7. The electronic ink screen-based display device of claim 1, further comprising a signal conversion module, wherein the screen driving module is connected to the signal conversion module, and wherein the signal conversion module is provided with a plurality of signal output interfaces for accessing ink screens of different interface types.

8. The electronic ink screen-based display device of claim 7, further comprising a temperature sensor for detecting a temperature of an ink screen to which the signal conversion module is connected;

the video command receiving module is also used for generating a control command according to the temperature detection signal output by the temperature sensor.

9. The electronic ink screen based display device of claim 7, wherein the interface type corresponding to the signal output interface includes a TTL interface and/or an LVDS interface, and the ink screen is used for accessing the TTL interface and/or the LVDS interface.

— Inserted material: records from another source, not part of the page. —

(* Fix a task $(\mathcal{S},\mathcal{A},\_,d_0,\mathcal{R},\gamma)$. Let $\Pi$ be one of: (i) the set of all stationary policies; (ii) for some $\varepsilon>0$ and some transition model $\mathcal{T}_0$, the set of $\varepsilon$-suboptimal stationary policies $\{\pi: J_{\mathcal{T}_0}(\pi)\ge\sup_{\pi'}J_{\mathcal{T}_0}(\pi')-\varepsilon\}$; (iii) for some $\delta<1$, the set of $\delta$-deterministic stationary policies $\{\pi:\max_a\pi(a\mid s)\ge\delta\ \text{for every } s\in\mathcal{S}\}$. Then every pair of transition models $(\mathcal{T},\mathcal{T}')$ with $J_{\mathcal{T}},J_{\mathcal{T}'}$ both non-trivial on $\Pi$ and not equivalent on $\Pi$ is exploitable relative to $\Pi$ and this task.
   Context: Setting: finite $\mathcal{S}$, finite $\mathcal{A}$ with $|\mathcal{A}|>1$, $d_0\in\Delta(\mathcal{S})$, $\mathcal{R}:\mathcal{S}\times\mathcal{A}\to\mathbb{R}$, $\gamma\in[0,1)$; transition models $\mathcal{T}:\mathcal{S}\times\mathcal{A}\to\Delta(\mathcal{S})$; all states reachable. A task is an MDP without its transition model. Stationary policies $\pi:\mathcal{S}\to\Delta(\mathcal{A})$. $J_{\mathcal{T}}(\pi)=\mathbb{E}\big[\sum_{t\ge0}\gamma^t\mathcal{R}(s_t,a_t)\big]$ with $s_0\sim d_0$, $a_t\sim\pi(\cdot\mid s_t)$, $s_{t+1}\sim\mathcal{T}(\cdot\mid s_t,a_t)$; the supremum is over stationary policies. $J$ is trivial on $\Pi$ if constant on $\Pi$; $J_1,J_2$ equivalent on $\Pi$ if for all $\pi,\pi'\in\Pi$, $J_1(\pi)\ge J_1(\pi')\iff J_2(\pi)\ge J_2(\pi')$. $(\mathcal{T},\mathcal{T}')$ is exploitable relative to $\Pi$ if there are $\pi,\pi'\in\Pi$ with $J_{\mathcal{T}}(\pi)>J_{\mathcal{T}}(\pi')$ and $J_{\mathcal{T}'}(\pi')>J_{\mathcal{T}'}(\pi)$. *)

theory Defs
  imports "HOL-Analysis.Analysis"
begin

definition is_dist :: "('x::finite \<Rightarrow> real) \<Rightarrow> bool" where
  "is_dist p \<longleftrightarrow> (\<forall>x. 0 \<le> p x) \<and> (\<Sum>x\<in>UNIV. p x) = 1"

definition is_policy :: "('s::finite \<Rightarrow> 'a::finite \<Rightarrow> real) \<Rightarrow> bool" where
  "is_policy p \<longleftrightarrow> (\<forall>s. is_dist (p s))"

definition policies :: "('s::finite \<Rightarrow> 'a::finite \<Rightarrow> real) set" where
  "policies = {p. is_policy p}"

definition is_transition :: "('s::finite \<Rightarrow> 'a::finite \<Rightarrow> 's \<Rightarrow> real) \<Rightarrow> bool" where
  "is_transition T \<longleftrightarrow> (\<forall>s a. is_dist (T s a))"

fun state_dist :: "('s::finite \<Rightarrow> real) \<Rightarrow> ('s \<Rightarrow> 'a::finite \<Rightarrow> 's \<Rightarrow> real)
     \<Rightarrow> ('s \<Rightarrow> 'a \<Rightarrow> real) \<Rightarrow> nat \<Rightarrow> 's \<Rightarrow> real" where
  "state_dist d0 T p 0 = d0"
| "state_dist d0 T p (Suc t) =
     (\<lambda>s'. \<Sum>s\<in>UNIV. \<Sum>a\<in>UNIV. state_dist d0 T p t s * p s a * T s a s')"

definition J :: "('s::finite \<Rightarrow> real) \<Rightarrow> ('s \<Rightarrow> 'a::finite \<Rightarrow> real) \<Rightarrow> real
     \<Rightarrow> ('s \<Rightarrow> 'a \<Rightarrow> 's \<Rightarrow> real) \<Rightarrow> ('s \<Rightarrow> 'a \<Rightarrow> real) \<Rightarrow> real" where
  "J d0 R \<gamma> T p = (\<Sum>t. \<gamma> ^ t * (\<Sum>s\<in>UNIV. \<Sum>a\<in>UNIV. state_dist d0 T p t s * p s a * R s a))"

definition all_reachable :: "('s::finite \<Rightarrow> real) \<Rightarrow> ('s \<Rightarrow> 'a::finite \<Rightarrow> 's \<Rightarrow> real) \<Rightarrow> bool" where
  "all_reachable d0 T \<longleftrightarrow>
     (\<forall>s. \<exists>p t. is_policy p \<and> state_dist d0 T p t s > 0)"

definition trivial_on :: "('p \<Rightarrow> real) \<Rightarrow> 'p set \<Rightarrow> bool" where
  "trivial_on f P \<longleftrightarrow> (\<forall>x\<in>P. \<forall>y\<in>P. f x = f y)"

definition equivalent_on :: "('p \<Rightarrow> real) \<Rightarrow> ('p \<Rightarrow> real) \<Rightarrow> 'p set \<Rightarrow> bool" where
  "equivalent_on f g P \<longleftrightarrow> (\<forall>x\<in>P. \<forall>y\<in>P. f x \<ge> f y \<longleftrightarrow> g x \<ge> g y)"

10. The electronic ink screen based display device of claim 1, wherein the control signals are triggered by a user and/or a system, the control commands comprising a combination of one or more of refresh mode switch commands, optimize mode switch commands, power consumption mode switch commands, data channel on/off commands, image extraction frequency adjustment commands, algorithm and/or parameter adjustment commands, buffer format and/or size adjustment commands, standby state on/off commands, screen timing adjustment commands, output frequency adjustment commands, output format adjustment commands.

11. An electronic ink screen based display system comprising an ink screen and a display device according to any one of claims 1-10, the ink screen being coupled to the screen drive module.